Poland and the FBI have disrupted a group that was stealing cryptocurrencies through SIM swapping.
The Central Cybercrime Bureau of Poland (CBZC), in cooperation with the FBI and the U.S. Homeland Security Investigations (HSI), has conducted a large-scale operation resulting in the detention of four alleged members of an organized criminal group. Their primary tool was SIM swap attacks — a method that allows intercepting control over victims' phone numbers to gain access to their cryptocurrency assets.
The investigation established that the perpetrators operated according to a well-honed scheme. They gained initial access to critical infrastructure not through technical hacking, but via social engineering methods. Using psychological manipulation and specialized software, the criminals obtained confidential data from employees of telecommunications companies. Having gained access to work systems, the group initiated SIM swaps: cloning or intercepting the phone numbers of their targets.
Control over SMS and email opened doors for the fraudsters to cryptocurrency exchanges. They reset passwords, bypassed two-factor authentication, and took over accounts. Stolen assets were quickly funneled through an extensive network, including personal bank accounts in Poland and abroad, payment services, and multi-currency crypto wallets. According to prosecutors, the scale of money laundering amounts to tens of millions of zlotys — equivalent to several million dollars.

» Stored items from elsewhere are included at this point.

lemma objective_le_if_Bset:
  assumes lam: "0 \<le> lam" "lam \<le> 1"
    and \<beta>: "\<beta> \<in> Bset v"
    and w: "\<And>i. w i = (1 - lam) * v i - lam * \<beta> i + c"
    and u: "V01 u" "mass \<omega> r u = mass \<omega> r v"
  shows "lam * innerV \<omega> r v (\<lambda>i. 1 - v i) + normV_sq \<omega> r (\<lambda>i. v i - w i)
    \<le> lam * innerV \<omega> r u (\<lambda>i. 1 - u i) + normV_sq \<omega> r (\<lambda>i. u i - w i)"
proof -
  have "0 \<le> normV_sq \<omega> r (\<lambda>i. u i - v i)"
    unfolding normV_sq_def innerV_def by (simp add: sum_nonneg)
  then have "0 \<le> (1 - lam) * normV_sq \<omega> r (\<lambda>i. u i - v i)"
    using lam by simp
  moreover have "0 \<le> lam * innerV \<omega> r (\<lambda>i. u i - v i) \<beta>"
    using lam innerV_Bset_nonneg[OF \<beta> u(1)] by simp
  moreover have "mass \<omega> r (\<lambda>i. u i - v i) = 0"
    using u(2) by (simp add: mass_diff)
  ultimately show ?thesis
    using objective_diff[of w lam v \<beta> c \<omega> r u, OF w] by simp
qed

lemma innerV_one_minus_twice:
  "innerV \<omega> r (\<lambda>i. 1 - 2 * f i) v = mass \<omega> r v - 2 * innerV \<omega> r v f"
  unfolding innerV_def mass_def
  by (simp add: sum_distrib_left sum_subtractf[symmetric] algebra_simps)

Global Nature of the Threat
This case is not an isolated incident but part of a global problem. The FBI previously estimated damages from SIM swap attacks in the U.S. alone for 2021 at over $68 million. Similar schemes are also being recorded in other jurisdictions. For example, one high-profile case involved the theft of approximately $400 million from the bankrupt FTX exchange in 2022.
The fact that U.S. agencies joined the investigation points to the international nature of the crime. Victims or infrastructure are located outside Poland. Modern crypto crime increasingly requires cross-border law enforcement cooperation, and this case is a clear confirmation of that.
The CBZC has not yet disclosed the names of the detained individuals, citing the ongoing investigation. Unconfirmed data circulates online about a possible connection of one of the accused to the well-known pseudonym Merry, but there is no official confirmation of this information. The case remains open, and new arrests are not ruled out.
Cryptalist Analysis: This case once again highlights the critical vulnerability embedded in the very architecture of mobile communications. As long as telecom operators and crypto services allow account recovery via phone number, SIM swapping will remain one of the most effective and dangerous attack vectors. For investors, this is a signal: relying solely on SMS authentication is no longer acceptable. Using hardware security keys (e.g., YubiKey) or authenticator apps is no longer a recommendation but a strict necessity.